Menschen sollen selbst entscheiden, wie sie ihr Zusammenleben gestalten und ihren Alltag organisieren, heißt es im gemeinsamen Wahlprogramm von CDU und CSU. Die Union will das Kindergeld pro Kind um 25 Euro monatlich erhöhen und für Eigentumswohnung oder Haus ein Baukindergeld von 1.200 Euro pro Jahr einführen. Für Grundschulkinder soll es einen Rechtsanspruch auf Betreuung geben. Auch die FDP will den Familien viel Freiheit lassen und flankierend unterstützen. Das “Kindergeld 2.0“ soll den finanziellen Rahmen setzen und mehr digitale Heimarbeitsplätze die Vereinbarkeit von Beruf und Familie fördern. Die AfD schlägt bei der Familienpolitik nationale Töne an: Der Erhalt des eigenen Staatsvolkes sei vorrangig, heißt es im Wahlprogramm. Und: Kinder unter drei Jahren fühlten sich bei den Eltern am wohlsten. Es müsse möglich sein, dass eine Familie von einem Gehalt leben könne.

Familienpolitik aus Sicht der Kinder

Grüne und Linke verfolgen einen ganz eigenen Ansatz: Sie denken Familienpolitik nicht von den Eltern sondern von den Kindern her. In den letzten Jahren ist die Arbeitslosigkeit in Deutschland stetig gesunken, die Kinderarmut aber nicht. Grünen-Spitzenkandidatin Göring-Eckardt findet das beschämend:

"Ich finde, wenn es einen Punkt gibt, wo man nicht mehr rumdrucksen kann und nur sagen kann: ‚Wir machen was am Kindergeld‘, dann ist es die Bekämpfung der Kinderarmut. Ich will, das jedes Kind, dass in Deutschland geboren wird, erstens einen deutschen Pass hat und zweitens die gleichen Chancen wie jedes andere."
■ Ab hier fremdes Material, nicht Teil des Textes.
text \<open>The Z_2-grading of E_{0*} \<otimes> E_0: degree = parity of the second tensor factor.\<close>
definition A0 :: "'k::ring_1 tgr set" where
  "A0 = {a. \<forall>(S, T)\<in>Poly_Mapping.keys a. finite S \<and> finite T \<and> even (card T)}"

definition A1 :: "'k::ring_1 tgr set" where
  "A1 = {a. \<forall>(S, T)\<in>Poly_Mapping.keys a. finite S \<and> finite T \<and> odd (card T)}"

definition aeval :: "(var \<Rightarrow> 'k::ring_1 tgr) \<Rightarrow> 'k fpoly \<Rightarrow> 'k tgr" where
  "aeval \<phi> f = (\<Sum>w\<in>Poly_Mapping.keys f. amul (aconst (Poly_Mapping.lookup f w)) (aprod (map \<phi> w)))"

definition T2_id :: "'k::ring_1 fpoly set" where
  "T2_id = {f. \<forall>\<phi>. (\<forall>i. \<phi> (Y i) \<in> A0 \<and> \<phi> (Z i) \<in> A1) \<longrightarrow> aeval \<phi> f = 0}"

definition gens :: "nat \<Rightarrow> 'k::ring_1 fpoly set" where
  "gens p =
     {pcomm3 (y 1) (y 2) (y 3), pcomm3 (y 1) (y 2) (z 3)}
   \<union> {pcomm3 (y 1) (z 2) (y 3)}
   \<union> {pcirc (pcomm (y 1) (z 2)) (z 3)}
   \<union> {pcomm (pcirc (z 1) (z 2)) (z 3)}
   \<union> {pcirc (z 1) (z 2) \<odot> pcirc (z 3) (z 4) - pcirc (z 1) (z 3) \<odot> pcirc (z 2) (z 4)}
   \<union> {pcomm x1 (y 2) \<odot> pcomm (y 3) x4 + pcomm x1 (y 3) \<odot> pcomm (y 2) x4
       | x1 x4. x1 \<in> {y 1, z 1} \<and> x4 \<in> {y 4, z 4}}
   \<union> {pcomm (y 1) (z 2) \<odot> pcirc (z 3) (z 4) - pcomm (y 1) (z 3) \<odot> pcirc (z 2) (z 4)}
   \<union> {pprod (map (\<lambda>i. pcomm (y i) (z 1)) [1..<2*k-1]) \<odot> pcirc (z 2) (z 1)
         \<odot> pprod (replicate (2*n) (z 1))
       | k n. k \<ge> 1 \<and> 2*n + 2*k - 1 = p}
   \<union> {pprod (map (\<lambda>i. pcomm (y i) (z 1)) [1..<2*k]) \<odot> pprod (replicate (2*n) (z 1))
       | k n. k \<ge> 1 \<and> 2*n + 2*k - 1 = p}"
(* Let $\mathcal{R}$ be a set of records equipped with a record-merge operation $\oplus:\mathcal{R}\times\mathcal{R}\to\mathcal{R}$, and let $(\Phi,\prec)$ be the partially ordered set of execution phases described in the context. Let $\mathcal{W}$ be a wisdom library that is phase-correct, and let $p_1,\ldots,p_n\in\mathcal{W}$ ($n\ge 1$) be in valid phase order, i.e. $\phi(p_1)\prec\phi(p_2)\prec\cdots\prec\phi(p_n)$. Suppose each $p_i$ is individually correct: for all $x\in I_{p_i}$, $p_i(x)\in O_{p_i}$. Then the composed pipeline $P=p_1\mathbin{;}\cdots\mathbin{;}p_n$ is correct: for every $x\in I_{p_1}$, every intermediate input $x_i$ lies in $I_{p_i}$ (so the pipeline is well defined), and its output $P(x)=p_n(x_n)$ lies in $O_{p_n}$.
   Context: A wisdom program $p$ consists of an execution phase $\phi(p)\in\Phi$, an input schema $I_p\subseteq\mathcal{R}$, an output schema $O_p\subseteq\mathcal{R}$, and a function (its denotation) $x\mapsto p(x)$ defined on $I_p$ with values in $\mathcal{R}$. A wisdom library $\mathcal{W}$ is a finite set of wisdom programs. The phase set is $\Phi=\{\mathsf{pre},\mathsf{ctx},\mathsf{post},\mathsf{auto},\mathsf{render},\mathsf{rel},\mathsf{agg},\mathsf{idx}\}$, partially ordered by the order $\prec$ generated by $\mathsf{pre}\prec\mathsf{ctx}\prec\mathsf{agg}\prec\mathsf{post}\prec\mathsf{render}$, $\mathsf{rel}\prec\mathsf{agg}$, $\mathsf{post}\prec\mathsf{auto}$, with $\mathsf{idx}$ incomparable to all others. Sequential composition $p\mathbin{;}q$ (for $\phi(p)\prec\phi(q)$) runs $p$ on input $x$ and then runs $q$ on the merged input $x\oplus p(x)$; here $\oplus$ is schema-compatible record merge (fields of $x$ are preserved and fields of $p(x)$ are added). Accordingly, the pipeline $p_1\mathbin{;}\cdots\mathbin{;}p_n$ on input $x$ is defined by $x_1=x$, $x_{i+1}=x_i\oplus p_i(x_i)$ for $1\le i<n$, with output $p_n(x_n)$. A wisdom library $\mathcal{W}$ is phase-correct if: (a) for every $p,q\in\mathcal{W}$ with $\phi(p)\prec\phi(q)$ and every $x\in I_p$, one has $x\oplus p(x)\in I_q$; (b) the aggregation program (phase $\mathsf{agg}$) accepts as input the union of all outputs of programs with phase $\prec\mathsf{agg}$; and (c) the rendering programs (phase $\mathsf{render}$) accept the output of the aggregation program as input. *)

theory Defs
  imports Main
begin

datatype phase = Pre | Ctx | Post | Auto | Render | Rel | Agg | Idx

definition phase_gen :: "(phase \<times> phase) set" where
  "phase_gen = {(Pre, Ctx), (Ctx, Agg), (Agg, Post), (Post, Render), (Rel, Agg), (Post, Auto)}"

definition phase_less :: "phase \<Rightarrow> phase \<Rightarrow> bool" (infix "\<prec>" 50) where
  "p \<prec> q \<longleftrightarrow> (p, q) \<in> phase_gen\<^sup>+"

record 'r wprog =
  phase :: phase
  inp :: "'r set"
  outp :: "'r set"
  den :: "'r \<Rightarrow> 'r"

text \<open>Phase-correctness of a library W w.r.t. the record merge operation m (the \<oplus>).\<close>
definition phase_correct :: "('r \<Rightarrow> 'r \<Rightarrow> 'r) \<Rightarrow> 'r wprog set \<Rightarrow> bool" where
  "phase_correct m W \<longleftrightarrow>
     (\<forall>p\<in>W. \<forall>q\<in>W. phase p \<prec> phase q \<longrightarrow> (\<forall>x\<in>inp p. m x (den p x) \<in> inp q))
   \<and> (\<forall>a\<in>W. phase a = Agg \<longrightarrow> (\<Union>{outp p | p. p \<in> W \<and> phase p \<prec> Agg}) \<subseteq> inp a)
   \<and> (\<forall>a\<in>W. \<forall>r\<in>W. phase a = Agg \<and> phase r = Render \<longrightarrow> outp a \<subseteq> inp r)"

text \<open>Intermediate inputs (0-indexed): state 0 = x, state (k+1) = state k \<oplus> p_k(state k).\<close>
fun pipe_state :: "('r \<Rightarrow> 'r \<Rightarrow> 'r) \<Rightarrow> 'r wprog list \<Rightarrow> 'r \<Rightarrow> nat \<Rightarrow> 'r" where
  "pipe_state m ps x 0 = x"
| "pipe_state m ps x (Suc k) = m (pipe_state m ps x k) (den (ps ! k) (pipe_state m ps x k))"

definition pipe_out :: "('r \<Rightarrow> 'r \<Rightarrow> 'r) \<Rightarrow> 'r wprog list \<Rightarrow> 'r \<Rightarrow> 'r" where
  "pipe_out m ps x = den (last ps) (pipe_state m ps x (length ps - 1))"

end

theory Submission
  imports Defs
begin

text \<open>Only clause (a) of phase-correctness is needed: since consecutive programs are in
  phase order, each merged state \<open>x\<^sub>i \<oplus> p\<^sub>i(x\<^sub>i)\<close> is accepted by \<open>p\<^sub>i\<^sub>+\<^sub>1\<close>, so by induction every
  intermediate input is admissible, and the last program's individual correctness gives
  the output schema.\<close>

definition merge_compatible :: "('r \<Rightarrow> 'r \<Rightarrow> 'r) \<Rightarrow> 'r wprog \<Rightarrow> 'r wprog \<Rightarrow> bool" where
  "merge_compatible m p q \<longleftrightarrow> (\<forall>x\<in>inp p. m x (den p x) \<in> inp q)"

lemma phase_correct_merge_compatible:
  assumes "phase_correct m W" "p \<in> W" "q \<in> W" "phase p \<prec> phase q"
  shows "merge_compatible m p q"
proof -
  have "\<forall>p\<in>W. \<forall>q\<in>W. phase p \<prec> phase q \<longrightarrow> merge_compatible m p q"
    using \<open>phase_correct m W\<close> unfolding phase_correct_def merge_compatible_def by (rule conjunct1)
  with assms(2-4) show ?thesis by blast
qed

lemma pipe_state_in_inp:
  assumes compatible: "\<And>i. Suc i < length ps \<Longrightarrow> merge_compatible m (ps ! i) (ps ! Suc i)"
    and start: "x \<in> inp (hd ps)"
    and "i < length ps"
  shows "pipe_state m ps x i \<in> inp (ps ! i)"
  using \<open>i < length ps\<close>
proof (induction i)
  case 0
  then show ?case using start by (simp add: hd_conv_nth)
next
  case (Suc i)
  then have "pipe_state m ps x i \<in> inp (ps ! i)" by simp
  with compatible[OF Suc.prems] show ?case
    unfolding merge_compatible_def by simp
qed

theorem theorem4p2:
  fixes m :: "'r \<Rightarrow> 'r \<Rightarrow> 'r" and W :: "'r wprog set" and ps :: "'r wprog list"
  assumes "finite W"
    and "phase_correct m W"
    and "ps \<noteq> []"
    and "set ps \<subseteq> W"
    and "\<forall>i. Suc i < length ps \<longrightarrow> phase (ps ! i) \<prec> phase (ps ! Suc i)"
    and "\<forall>i<length ps. \<forall>x\<in>inp (ps ! i). den (ps ! i) x \<in> outp (ps ! i)"
    and "x \<in> inp (hd ps)"
  shows "(\<forall>i<length ps. pipe_state m ps x i \<in> inp (ps ! i)) \<and> pipe_out m ps x \<in> outp (last ps)"
proof -
  have "merge_compatible m (ps ! i) (ps ! Suc i)" if "Suc i < length ps" for i
  proof (rule phase_correct_merge_compatible[OF assms(2)])
    show "ps ! i \<in> W" "ps ! Suc i \<in> W"
      using assms(4) that by (simp_all add: subsetD)
    show "phase (ps ! i) \<prec> phase (ps ! Suc i)"
      using assms(5) that by simp
  qed
  then have states: "\<forall>i<length ps. pipe_state m ps x i \<in> inp (ps ! i)"
    using pipe_state_in_inp[OF _ assms(7)] by simp
  define n where "n = length ps - 1"
  have "n < length ps" "last ps = ps ! n"
    using assms(3) by (simp_all add: n_def last_conv_nth)
  then have "pipe_out m ps x \<in> outp (last ps)"
    using states assms(6) by (simp add: pipe_out_def n_def)
  with states show ?thesis by (rule conjI)
qed

end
Grünen-Spitzenkandidaten Katrin Göring-Eckardt

Die Grünen wollen 12 Milliarden Euro in Familien und Kinder investieren: In flächendeckende Ganztagsschulen, einen Rechtsanspruch auf ganztägige Betreuung und eine eigene Grundsicherung für Kinder – unabhängig vom Einkommen der Eltern. Das fordert auch die Linke. Anders als die Grünen wollen die Linken die KiTa-Gebühren abschaffen. An der Stelle gibt es Berührungspunkte mit der SPD, die die KiTas schrittweise gebührenfrei machen will.